Please give the number of lines in the listing that include the word "only", with no other words.

# EXERCISE INPUT
Segment Open

(* Let $(X,\|\cdot\|)$ be a normed linear space over $\mathbb{R}$ or $\mathbb{C}$, and let $a,x_1,\dots,x_n\in X\setminus\{0\}$ satisfy $\|a\|\ge\|x_j-a\|$ for each $j\in\{1,\dots,n\}$. Then for any $p_1,\dots,p_n\ge0$ with $\sum_{j=1}^n p_j=1$, $$\frac{\big\|\sum_{j=1}^n p_jx_j\big\|}{\sum_{j=1}^n p_j\|x_j\|}\ \ge\ \min_{1\le j\le n}\left\{\frac{\|a\|-\|x_j-a\|}{\|x_j\|}\right\}\ (\ge0).$$ The inequality is sharp: equality holds when $x_1=\dots=x_n=\varepsilon a$ for some $\varepsilon\in(0,1)$. *)

theory Defs
  imports Main "HOL.Real_Vector_Spaces"
begin

end

theory Submission
  imports Defs
begin

text \<open>Writing \<open>\<Sum>j. p j *\<^sub>R x j = a - (\<Sum>j. p j *\<^sub>R (a - x j))\<close>, the reverse triangle
  inequality gives \<open>\<parallel>\<Sum>j. p j *\<^sub>R x j\<parallel> \<ge> \<parallel>a\<parallel> - (\<Sum>j. p j * \<parallel>x j - a\<parallel>) = \<Sum>j. p j * (\<parallel>a\<parallel> - \<parallel>x j - a\<parallel>)\<close>,
  and each summand is at least \<open>m * p j * \<parallel>x j\<parallel>\<close> for the minimum \<open>m\<close> of the ratios.
  The hypothesis \<open>\<parallel>a\<parallel> \<ge> \<parallel>x j - a\<parallel>\<close> is only needed for \<open>m \<ge> 0\<close>.\<close>

lemma norm_convex_comb_ge:
  fixes a :: "'v :: real_normed_vector"
  assumes p_nonneg: "\<forall>j\<in>S. p j \<ge> 0" and p_sum: "sum p S = 1"
  shows "norm a - (\<Sum>j\<in>S. p j * norm (x j - a)) \<le> norm (\<Sum>j\<in>S. p j *\<^sub>R x j)"
proof -
  have decomp: "(\<Sum>j\<in>S. p j *\<^sub>R x j) = a - (\<Sum>j\<in>S. p j *\<^sub>R (a - x j))"
    using p_sum by (simp add: scaleR_diff_right sum_subtractf flip: scaleR_sum_left)
  have "norm (\<Sum>j\<in>S. p j *\<^sub>R (a - x j)) \<le> (\<Sum>j\<in>S. p j * norm (x j - a))"
  proof -
    have "norm (\<Sum>j\<in>S. p j *\<^sub>R (a - x j)) \<le> (\<Sum>j\<in>S. norm (p j *\<^sub>R (a - x j)))"
      by (rule norm_sum)
    also have "\<dots> = (\<Sum>j\<in>S. p j * norm (x j - a))"
      using p_nonneg by (intro sum.cong) (auto simp: norm_minus_commute)
    finally show ?thesis .
  qed
  moreover have "norm a - norm (\<Sum>j\<in>S. p j *\<^sub>R (a - x j))
      \<le> norm (a - (\<Sum>j\<in>S. p j *\<^sub>R (a - x j)))"
    by (rule norm_triangle_ineq2)
  ultimately show ?thesis unfolding decomp by linarith
qed

lemma weighted_norm_sum_pos:
  fixes x :: "'a \<Rightarrow> 'v :: real_normed_vector"
  assumes p_nonneg: "\<forall>j\<in>S. p j \<ge> 0" and p_sum: "sum p S = 1"
    and x_nz: "\<forall>j\<in>S. x j \<noteq> 0"
  shows "(\<Sum>j\<in>S. p j * norm (x j)) > 0"
proof -
  have "finite S" by (metis p_sum sum.infinite zero_neq_one)
  obtain k where "k \<in> S" "p k > 0"
    using p_sum p_nonneg by (metis less_eq_real_def sum.neutral zero_neq_one)
  with \<open>finite S\<close> show ?thesis
    by (intro sum_pos2[of S k]) (use p_nonneg x_nz in auto)
qed

lemma norm_convex_comb_ge_scaled_weighted_norm:
  fixes a :: "'v :: real_normed_vector"
  assumes p_nonneg: "\<forall>j\<in>S. p j \<ge> 0" and p_sum: "sum p S = 1"
    and c: "\<forall>j\<in>S. c * norm (x j) \<le> norm a - norm (x j - a)"
  shows "c * (\<Sum>j\<in>S. p j * norm (x j)) \<le> norm (\<Sum>j\<in>S. p j *\<^sub>R x j)"
proof -
  have "c * (\<Sum>j\<in>S. p j * norm (x j)) = (\<Sum>j\<in>S. p j * (c * norm (x j)))"
    by (simp add: sum_distrib_left algebra_simps)
  also have "\<dots> \<le> (\<Sum>j\<in>S. p j * (norm a - norm (x j - a)))"
    using c p_nonneg by (intro sum_mono mult_left_mono) auto
  also have "\<dots> = norm a - (\<Sum>j\<in>S. p j * norm (x j - a))"
    using p_sum by (simp add: right_diff_distrib sum_subtractf flip: sum_distrib_right)
  also have "\<dots> \<le> norm (\<Sum>j\<in>S. p j *\<^sub>R x j)"
    using p_nonneg p_sum by (rule norm_convex_comb_ge)
  finally show ?thesis .
qed

lemma Min_ratio_le_norm_convex_comb_ratio:
  fixes a :: "'v :: real_normed_vector"
  assumes p_nonneg: "\<forall>j\<in>S. p j \<ge> 0" and p_sum: "sum p S = 1"
    and x_nz: "\<forall>j\<in>S. x j \<noteq> 0"
  shows "Min ((\<lambda>j. (norm a - norm (x j - a)) / norm (x j)) ` S)
           \<le> norm (\<Sum>j\<in>S. p j *\<^sub>R x j) / (\<Sum>j\<in>S. p j * norm (x j))"
proof -
  let ?m = "Min ((\<lambda>j. (norm a - norm (x j - a)) / norm (x j)) ` S)"
  have "finite S" by (metis p_sum sum.infinite zero_neq_one)
  have "\<forall>j\<in>S. ?m \<le> (norm a - norm (x j - a)) / norm (x j)"
    using \<open>finite S\<close> by simp
  then have "\<forall>j\<in>S. ?m * norm (x j) \<le> norm a - norm (x j - a)"
    using x_nz by (simp add: pos_le_divide_eq)
  then have "?m * (\<Sum>j\<in>S. p j * norm (x j)) \<le> norm (\<Sum>j\<in>S. p j *\<^sub>R x j)"
    by (rule norm_convex_comb_ge_scaled_weighted_norm[OF p_nonneg p_sum])
  then show ?thesis
    using weighted_norm_sum_pos[OF p_nonneg p_sum x_nz] by (simp add: pos_le_divide_eq)
qed

lemma norm_convex_comb_ratio_collinear:
  fixes a :: "'v :: real_normed_vector"
  assumes p_sum: "sum p S = 1" and a_nz: "a \<noteq> 0" and "\<epsilon> > 0"
    and x_eq: "\<forall>j\<in>S. x j = \<epsilon> *\<^sub>R a"
  shows "norm (\<Sum>j\<in>S. p j *\<^sub>R x j) / (\<Sum>j\<in>S. p j * norm (x j)) = 1"
proof -
  have "(\<Sum>j\<in>S. p j *\<^sub>R x j) = \<epsilon> *\<^sub>R a"
    using x_eq p_sum by (simp flip: scaleR_sum_left scaleR_scaleR)
  moreover have "(\<Sum>j\<in>S. p j * norm (x j)) = \<epsilon> * norm a"
    using x_eq p_sum \<open>\<epsilon> > 0\<close> by (simp flip: sum_distrib_right)
  ultimately show ?thesis using a_nz \<open>\<epsilon> > 0\<close> by simp
qed

lemma Min_ratio_collinear:
  fixes a :: "'v :: real_normed_vector"
  assumes "S \<noteq> {}" and a_nz: "a \<noteq> 0" and "0 < \<epsilon>" "\<epsilon> \<le> 1"
    and x_eq: "\<forall>j\<in>S. x j = \<epsilon> *\<^sub>R a"
  shows "Min ((\<lambda>j. (norm a - norm (x j - a)) / norm (x j)) ` S) = 1"
proof -
  have "\<epsilon> *\<^sub>R a - a = - ((1 - \<epsilon>) *\<^sub>R a)"
    by (simp add: algebra_simps)
  then have "norm (\<epsilon> *\<^sub>R a - a) = (1 - \<epsilon>) * norm a"
    using \<open>\<epsilon> \<le> 1\<close> by simp
  then have "(\<lambda>j. (norm a - norm (x j - a)) / norm (x j)) ` S = {1}"
    using \<open>S \<noteq> {}\<close> x_eq a_nz \<open>0 < \<epsilon>\<close> by (auto simp: field_simps)
  then show ?thesis by simp
qed

theorem theorem2p3:
  fixes a :: "'v :: real_normed_vector"
    and x :: "nat \<Rightarrow> 'v"
    and p :: "nat \<Rightarrow> real"
    and n :: nat
  assumes a_nz: "a \<noteq> 0"
    and x_nz: "\<forall>j\<in>{1..n}. x j \<noteq> 0"
    and dist: "\<forall>j\<in>{1..n}. norm a \<ge> norm (x j - a)"
    and p_nonneg: "\<forall>j\<in>{1..n}. p j \<ge> 0"
    and p_sum: "(\<Sum>j=1..n. p j) = 1"
  shows "norm (\<Sum>j=1..n. p j *\<^sub>R x j) / (\<Sum>j=1..n. p j * norm (x j))
           \<ge> Min ((\<lambda>j. (norm a - norm (x j - a)) / norm (x j)) ` {1..n})
       \<and> Min ((\<lambda>j. (norm a - norm (x j - a)) / norm (x j)) ` {1..n}) \<ge> 0
       \<and> (\<forall>\<epsilon>::real. 0 < \<epsilon> \<and> \<epsilon> < 1 \<and> (\<forall>j\<in>{1..n}. x j = \<epsilon> *\<^sub>R a) \<longrightarrow>
            norm (\<Sum>j=1..n. p j *\<^sub>R x j) / (\<Sum>j=1..n. p j * norm (x j))
            = Min ((\<lambda>j. (norm a - norm (x j - a)) / norm (x j)) ` {1..n}))"
proof -
  have nonempty: "{1..n} \<noteq> {}" using p_sum by (cases "n = 0") auto
  have "Min ((\<lambda>j. (norm a - norm (x j - a)) / norm (x j)) ` {1..n}) \<ge> 0"
    using nonempty dist by simp
  moreover have "norm (\<Sum>j=1..n. p j *\<^sub>R x j) / (\<Sum>j=1..n. p j * norm (x j))
      = Min ((\<lambda>j. (norm a - norm (x j - a)) / norm (x j)) ` {1..n})"
    if "0 < \<epsilon>" "\<epsilon> < 1" "\<forall>j\<in>{1..n}. x j = \<epsilon> *\<^sub>R a" for \<epsilon> :: real
  proof -
    have "Min ((\<lambda>j. (norm a - norm (x j - a)) / norm (x j)) ` {1..n}) = 1"
      using nonempty a_nz that by (intro Min_ratio_collinear) auto
    with norm_convex_comb_ratio_collinear[OF p_sum a_nz that(1,3)] show ?thesis
      by (simp only:)
  qed
  ultimately show ?thesis
    using Min_ratio_le_norm_convex_comb_ratio[OF p_nonneg p_sum x_nz] by blast
qed

end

Segment Closed

# WRITTEN SOLUTION
2